Scaroni (Enel): 'China dominates green supply chains, the EU will react as the US wants'
4' min read
4' min read
At what point is the energy transition? Still too slow according to Paolo Scaroni, Enel's chairman, who is convinced that the "lack of a sense of urgency" is one of the biggest obstacles on the path to at least hitting the intermediate decarbonisation targets, those set by Cop28 for 2030.
As for the role of China, on which much of the debate in the West focuses today, it is undoubtedly a cumbersome one: on the one hand, Beijing is driving the global transition - and has lowered its costs - but on the other hand, it has gained 'almost total control of entire supply chains' in this area. What to do? Does a trade battle, like the increasingly tough one waged by the US, make sense? Or should we move differently?
'I think that in the end Europe will do what the US wants,' Scaroni replied, pointing out that he was expressing 'a personal opinion'. "If the US raises trade barriers we will do it too, if they put up 100 per cent tariffs we will follow them: partly because we have similar difficulties, but mainly for political reasons, because we are allies."
On electric cars there is no competition with China
."On the other hand,' he adds, 'if we left everything to the market in Europe, we might not even be able to build an electric car. In China there are already battery-powered citiycars on sale for as little as five thousand euros, and there are columns capable of recharging at the rate of one kilometre of autonomy per second. In some applications today the Chinese are also technological leaders'.
The West is not standing idly by.
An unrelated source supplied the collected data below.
(* For an integer $n\ge1$ and real $1\le x\le n$, define $\widetilde R_A(n,x)$ by $$A(n,x)=\vartheta(x)\,n+\widetilde R_A(n,x),$$ where $A(n,x)=\sum_{p\le x}\frac{2}{p-1}S_p(n)\log p$ (sum over primes). Then for $n^{2/3}\le x\le n$, $$\widetilde R_A(n,x)=O\!\left(x^{5/4}n^{3/4}(\log n)^{7/2}+n^{5/3}(\log n)^2\right).$$
   Context: $\vartheta(x)=\sum_{p\le x}\log p$ is the first Chebyshev function. For a base $b\ge2$, $d_b(m)$ is the sum of the base-$b$ digits of $m\ge0$ and $S_b(n)=\sum_{j=0}^{n-1}d_b(j)$. *)

theory Defs
  imports "HOL-Analysis.Analysis" "HOL-Computational_Algebra.Primes"
begin

definition cheb_theta :: "real \<Rightarrow> real" where
  "cheb_theta x = (\<Sum>p\<in>{p::nat. prime p \<and> real p \<le> x}. ln (real p))"

function digit_sum :: "nat \<Rightarrow> nat \<Rightarrow> nat" where
  "digit_sum b m = (if b < 2 \<or> m = 0 then 0 else m mod b + digit_sum b (m div b))"
  by auto
termination
  by (relation "Wellfounded.measure (\<lambda>(b,m). m)") auto

definition S_digits :: "nat \<Rightarrow> nat \<Rightarrow> nat" where
  "S_digits b n = (\<Sum>j<n. digit_sum b j)"

definition A_sum :: "nat \<Rightarrow> real \<Rightarrow> real" where
  "A_sum n x = (\<Sum>p\<in>{p::nat. prime p \<and> real p \<le> x}.
      2 / (real p - 1) * real (S_digits p n) * ln (real p))"

definition R_A :: "nat \<Rightarrow> real \<Rightarrow> real" where
  "R_A n x = A_sum n x - cheb_theta x * real n"

end

theory Submission
  imports Defs "HOL-Library.Log_Nat"
begin

(*
  Write R_A(n,x) as the sum over primes p <= x of E_p = (2 S_p(n)/(p-1) - n) log p.
  Splitting off the last digit, S_p(n) = sum_{j<n} (j mod p) + sum_{j<n} d_p(j div p).
  The first sum is exactly known and lies between (p-1)(n-p)/2 and (p-1)n/2; the second
  is at most n^2/p since d_p(m) <= m, while S_p(n) itself is at most (p-1)n times the
  number of base-p digits of n. Hence -p log n <= E_p <= 4 n^(3/2) log n / p, using the
  digit count for p <= sqrt n and the last-digit split for p > sqrt n. Summing with
  sum_{p<=x} 1/p <= log x + 1 gives |R_A(n,x)| <= x^2 log n + 4 n^(3/2) log n (log n + 1),
  which is dominated by the claimed bound for all 1 <= x <= n; of the hypothesis
  x >= n^(2/3) only x >= 1 is needed.
*)

declare digit_sum.simps [simp del]

lemma digit_sum_0 [simp]: "digit_sum b 0 = 0"
  by (simp add: digit_sum.simps)

lemma digit_sum_eq: "2 \<le> b \<Longrightarrow> digit_sum b m = m mod b + digit_sum b (m div b)"
  by (cases "m = 0") (simp_all add: digit_sum.simps[of b m])

lemma digit_sum_le: "digit_sum b m \<le> m"
proof (induction m rule: less_induct)
  case (less m)
  show ?case
  proof (cases "b < 2 \<or> m = 0")
    case True
    then show ?thesis by (auto simp: digit_sum.simps[of b m])
  next
    case False
    then have "digit_sum b (m div b) \<le> m div b"
      by (intro less.IH) simp
    moreover have "m div b \<le> m div b * b"
      using False by simp
    ultimately show ?thesis
      using digit_sum_eq[of b m] div_mult_mod_eq[of m b] False by linarith
  qed
qed

lemma digit_sum_le_digits:
  assumes "2 \<le> b" "m < b ^ L"
  shows "digit_sum b m \<le> (b - 1) * L"
  using assms(2)
proof (induction L arbitrary: m)
  case (Suc L)
  have "digit_sum b (m div b) \<le> (b - 1) * L"
    using Suc.prems assms(1) by (intro Suc.IH) (simp add: div_less_iff_less_mult mult.commute)
  moreover have "m mod b \<le> b - 1"
    using assms(1) by (simp add: less_Suc_eq_le[symmetric])
  ultimately show ?case
    using digit_sum_eq[OF assms(1), of m] by simp
qed simp

lemma two_sum_mod_eq:
  fixes p n :: nat
  shows "2 * (\<Sum>j<n. j mod p) = n div p * p * (p - 1) + n mod p * (n mod p - 1)"
proof (induction n)
  case (Suc n)
  have step: "2 * (\<Sum>j<Suc n. j mod p)
      = n div p * p * (p - 1) + n mod p * (n mod p - 1) + 2 * (n mod p)"
    using Suc.IH by simp
  show ?case
  proof (cases "Suc (n mod p) = p")
    case True
    have "n mod p * (n mod p - 1) + 2 * (n mod p) = p * (p - 1)"
      using True by (cases p) (auto simp: algebra_simps)
    then have "2 * (\<Sum>j<Suc n. j mod p) = n div p * p * (p - 1) + p * (p - 1)"
      using step by linarith
    also have "\<dots> = Suc n div p * p * (p - 1) + Suc n mod p * (Suc n mod p - 1)"
      using True by (simp add: mod_Suc div_Suc algebra_simps)
    finally show ?thesis .
  next
    case False
    then have "Suc n mod p = Suc (n mod p)" "Suc n div p = n div p"
      by (simp_all add: mod_Suc div_Suc)
    moreover have "n mod p * (n mod p - 1) + 2 * (n mod p) = Suc (n mod p) * (n mod p)"
      by (cases "n mod p") (simp_all add: algebra_simps)
    ultimately show ?thesis
      using step by simp
  qed
qed simp

lemma two_sum_mod_bounds:
  fixes p n :: nat
  assumes p: "0 < p"
  shows "(real p - 1) * (real n - real p) \<le> 2 * real (\<Sum>j<n. j mod p)"
    and "2 * real (\<Sum>j<n. j mod p) \<le> (real p - 1) * real n"
proof -
  define q r where "q = n div p" and "r = n mod p"
  have "r < p"
    using p by (simp add: r_def)
  then have r: "real r \<le> real p - 1"
    by linarith
  have "real (2 * (\<Sum>j<n. j mod p)) = real (q * p * (p - 1) + r * (r - 1))"
    using two_sum_mod_eq[of p n] unfolding q_def r_def by (simp only:)
  moreover have "real (r * (r - 1)) = real r * (real r - 1)"
    by (cases r) (simp_all add: algebra_simps)
  ultimately have "2 * real (\<Sum>j<n. j mod p) = real q * real p * (real p - 1) + real r * (real r - 1)"
    using p by (simp add: of_nat_diff)
  moreover have "real n = real q * real p + real r"
    unfolding q_def r_def by (metis div_mult_mod_eq of_nat_add of_nat_mult)
  ultimately have gap: "(real p - 1) * real n - 2 * real (\<Sum>j<n. j mod p) = real r * (real p - real r)"
    by (simp add: algebra_simps)
  have "real r * (real p - real r) \<le> (real p - 1) * real p"
    using r by (intro mult_mono) auto
  then show "(real p - 1) * (real n - real p) \<le> 2 * real (\<Sum>j<n. j mod p)"
    using gap by (simp add: algebra_simps)
  have "0 \<le> real r * (real p - real r)"
    using r by simp
  then show "2 * real (\<Sum>j<n. j mod p) \<le> (real p - 1) * real n"
    using gap by linarith
qed

lemma S_digits_eq:
  "2 \<le> p \<Longrightarrow> S_digits p n = (\<Sum>j<n. j mod p) + (\<Sum>j<n. digit_sum p (j div p))"
  unfolding S_digits_def sum.distrib[symmetric] by (intro sum.cong refl digit_sum_eq)

lemma sum_digit_sum_div_le: "real (\<Sum>j<n. digit_sum p (j div p)) \<le> real n ^ 2 / real p"
proof -
  have "(\<Sum>j<n. digit_sum p (j div p)) \<le> (\<Sum>j<n. n div p)"
    by (intro sum_mono order.trans[OF digit_sum_le] div_le_mono) simp
  then have "(\<Sum>j<n. digit_sum p (j div p)) \<le> n * (n div p)"
    by simp
  then have "real (\<Sum>j<n. digit_sum p (j div p)) \<le> real n * real (n div p)"
    by (simp only: of_nat_mult[symmetric] of_nat_le_iff)
  also have "\<dots> \<le> real n * (real n / real p)"
    by (intro mult_left_mono) (simp_all add: of_nat_div_le_of_nat)
  finally show ?thesis
    by (simp add: power2_eq_square)
qed

lemma S_digits_le_floorlog:
  assumes "2 \<le> p"
  shows "S_digits p n \<le> n * ((p - 1) * floorlog p n)"
proof -
  have "digit_sum p j \<le> (p - 1) * floorlog p n" if "j < n" for j
    using assms that by (intro digit_sum_le_digits floorlog_leD floorlog_mono) auto
  then have "S_digits p n \<le> (\<Sum>j<n. (p - 1) * floorlog p n)"
    unfolding S_digits_def by (intro sum_mono) simp
  then show ?thesis
    by simp
qed

lemma two_S_digits_bounds:
  assumes "2 \<le> p"
  shows "(real p - 1) * (real n - real p) \<le> 2 * real (S_digits p n)"
    and "2 * real (S_digits p n) \<le> (real p - 1) * real n + 2 * (real n ^ 2 / real p)"
proof -
  have p: "0 < p"
    using assms by simp
  have S: "real (S_digits p n) = real (\<Sum>j<n. j mod p) + real (\<Sum>j<n. digit_sum p (j div p))"
    unfolding S_digits_eq[OF assms] by (rule of_nat_add)
  show "(real p - 1) * (real n - real p) \<le> 2 * real (S_digits p n)"
    using two_sum_mod_bounds(1)[OF p, of n] S of_nat_0_le_iff by linarith
  show "2 * real (S_digits p n) \<le> (real p - 1) * real n + 2 * (real n ^ 2 / real p)"
    using two_sum_mod_bounds(2)[OF p, of n] S sum_digit_sum_div_le[of p n] by linarith
qed

lemma S_digits_ratio_ge:
  assumes "2 \<le> p"
  shows "real n - real p \<le> 2 / (real p - 1) * real (S_digits p n)"
proof -
  have "real p - 1 > 0"
    using assms by simp
  with two_S_digits_bounds(1)[OF assms, of n] show ?thesis
    by (simp add: field_simps)
qed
Enel, like other companies, "is making great efforts to build alternatives (to Chinese dominance, ed.), perhaps focusing on slightly different technologies", as in the 3Sun solar panel gigafactory in Catania. The group, world leader in generation from renewables, 'has done its part and continues to do so,' recalls Scaroni, 'with investments that are also growing with the new strategic plan, because we consider them necessary and also because renewables are profitable, if done in the right countries and in the right place.